Except where otherwise indicated, these notes relate to the condensed consolidated financial statements for both our Company and Huntsman International. The differences between our financial statements and Huntsman International’s financial statements relate primarily to the following:



purchase accounting recorded at our Company for the 2003 step‑acquisition of Huntsman International Holdings LLC, the former parent company of Huntsman International that was merged into Huntsman International in 2005;



the different capital structures; and



a note payable from Huntsman International to us.




Our condensed consolidated financial statements include the accounts of our wholly‑owned and majority‑owned subsidiaries and any variable interest entities for which we are the primary beneficiary. Intercompany accounts and transactions have been eliminated.




Separation of our Pigments and Additives Business


We are in the process of separating our Pigments and Additives business. On March 14, 2017, Venator Materials Corporation (“Venator”) filed a third amendment to the Form 10 registration statement with the SEC as part of this process. We now intend to pursue an initial public offering of our Pigments and Additives business, although we plan to retain the ability to separate the business through a tax-free spin-off depending on market conditions. The separation is targeted for the summer of 2017. For more information, see “Note 4. Separation of Pigments and Additives Business.”
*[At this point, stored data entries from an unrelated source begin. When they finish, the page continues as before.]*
text \<open>Induction on the tree: cut off a leaf \<open>l\<close>.  Either some subtree is \<open>{l}\<close>, and then \<open>l\<close>
  lies in all of them, or every subtree through \<open>l\<close> also contains the neighbour of \<open>l\<close>, so the
  subtrees stay pairwise intersecting without \<open>l\<close>.\<close>
lemma subtrees_Helly:
  assumes "is_tree N F"
    and "\<And>v. v \<in> K \<Longrightarrow> T v \<subseteq> N \<and> connected_graph (T v) {f \<in> F. f \<subseteq> T v}"
    and "\<And>u w. u \<in> K \<Longrightarrow> w \<in> K \<Longrightarrow> T u \<inter> T w \<noteq> {}"
  shows "\<exists>t\<in>N. \<forall>v\<in>K. t \<in> T v"
  using assms
proof (induction "card N" arbitrary: N F T rule: less_induct)
  case less
  have sub: "T v \<subseteq> N" and con: "connected_graph (T v) {f \<in> F. f \<subseteq> T v}"
    and ne: "T v \<noteq> {}" if "v \<in> K" for v
    using less.prems(2)[OF that] less.prems(3)[OF that that] by auto
  show ?case
  proof (cases "\<exists>a\<in>N. \<exists>b\<in>N. a \<noteq> b")
    case False
    obtain t where "t \<in> N" using less.prems(1) unfolding is_tree_def connected_graph_def by auto
    then have "t \<in> T v" if "v \<in> K" for v using False sub[OF that] ne[OF that] by (metis equals0I subsetD)
    then show ?thesis using \<open>t \<in> N\<close> by blast
  next
    case True
    then obtain l m where l: "l \<in> N" "m \<in> N" "l \<noteq> m" and leaf: "\<And>y. {l, y} \<in> F \<Longrightarrow> y = m"
      using tree_has_leaf[OF less.prems(1)] by metis
    show ?thesis
    proof (cases "\<exists>u\<in>K. T u = {l}")
      case True
      then obtain u where "u \<in> K" "T u = {l}" by blast
      then have "l \<in> T v" if "v \<in> K" for v using less.prems(3)[OF \<open>u \<in> K\<close> that] by auto
      then show ?thesis using l(1) by blast
    next
      case False
      define T' where "T' v = T v - {l}" for v
      have con': "connected_graph (T' v) {f \<in> {f \<in> F. l \<notin> f}. f \<subseteq> T' v}"
        and m_in: "l \<in> T v \<Longrightarrow> m \<in> T v" if "v \<in> K" for v
        using subtree_remove_leaf[OF con[OF that] _ leaf] False that unfolding T'_def by blast+
      have "\<exists>t\<in>N - {l}. \<forall>v\<in>K. t \<in> T' v"
      proof (rule less.hyps)
        show "card (N - {l}) < card N"
          using less.prems(1) l(1) unfolding is_tree_def simple_graph_def by (blast intro: card_Diff1_less)
        show "is_tree (N - {l}) {f \<in> F. l \<notin> f}"
          using is_tree_remove_leaf[OF less.prems(1) l leaf] .
        show "T' v \<subseteq> N - {l} \<and> connected_graph (T' v) {f \<in> {f \<in> F. l \<notin> f}. f \<subseteq> T' v}"
          if "v \<in> K" for v
          using sub[OF that] con'[OF that] unfolding T'_def by blast
      next
        fix u w assume "u \<in> K" "w \<in> K"
        then obtain t where "t \<in> T u" "t \<in> T w" using less.prems(3) by blast
        then have "t \<in> T' u \<inter> T' w \<or> m \<in> T' u \<inter> T' w"
          using m_in \<open>u \<in> K\<close> \<open>w \<in> K\<close> l(3) unfolding T'_def by blast
        then show "T' u \<inter> T' w \<noteq> {}" by blast
      qed
      then show ?thesis unfolding T'_def by blast
    qed
  qed
qed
Closure of Calais, France Manufacturing Facility


On March 17, 2017, we announced a plan to close the white end finishing and packaging operations of our titanium dioxide manufacturing facility based in Calais, France during the third quarter of 2017. The announced plan follows the 2015 closure of the black end manufacturing operations and will result in the closure of the entire facility. For more information, see “Note 6. Restructuring, Impairment and Plant Closing Costs.”


Pori Fire


On January 30, 2017, our titanium dioxide manufacturing facility in Pori, Finland experienced fire damage and is currently not fully operational. We are committed to repairing the facility as quickly as possible and we anticipate that a portion of our white end production will be operational during the second quarter of 2017. During the first quarter of 2017, we recorded a loss of $32 million for the write-off of fixed assets and lost inventory in other operating (income) expense, net in our condensed consolidated statements of operations. In addition, we recorded a loss of $4 million of costs for cleanup of the facility through March 31, 2017.


The site is insured for property damage as well as business interruption losses subject to retained deductibles of $15 million and 60 days, respectively, with a limit of $500 million. On February 9, 2017, we received $54 million as an initial partial progress payment from our insurer. During the first quarter of 2017, we recorded $32 million of income related to insurance recoveries in other operating (income) expense, net in our condensed consolidated statements of operations and we recorded $22 million as deferred income in accrued liabilities for costs not yet incurred.


Amendments to Accounts Receivable Securitization Programs


On April 21, 2017, we entered into an Amended and Restated European Receivables Loan Agreement and a Master Amendment No. 6 to the U.S. Receivables Loan Agreement to, among other things, extend the respective scheduled termination dates to April 2020. For additional information, see “Part II. Item 5. Other Information—Amendments to A/R Programs.”


Early Prepayment of Debt


On April 25, 2017, we made an early prepayment of $100 million on our 2015 extended term loan B due 2019 (“2015 Extended Term Loan B”) from existing cash. For further information, see “Note 7. Direct and Subsidiary Debt—Senior Credit Facilities.”




The preparation of financial statements in conformity with U.S. GAAP requires management to make estimates and assumptions that affect the reported amounts of assets and liabilities and disclosure of contingent assets and liabilities at the date of the financial statements and the reported amounts of revenues and expenses during the reporting period. Actual results could differ from those estimates.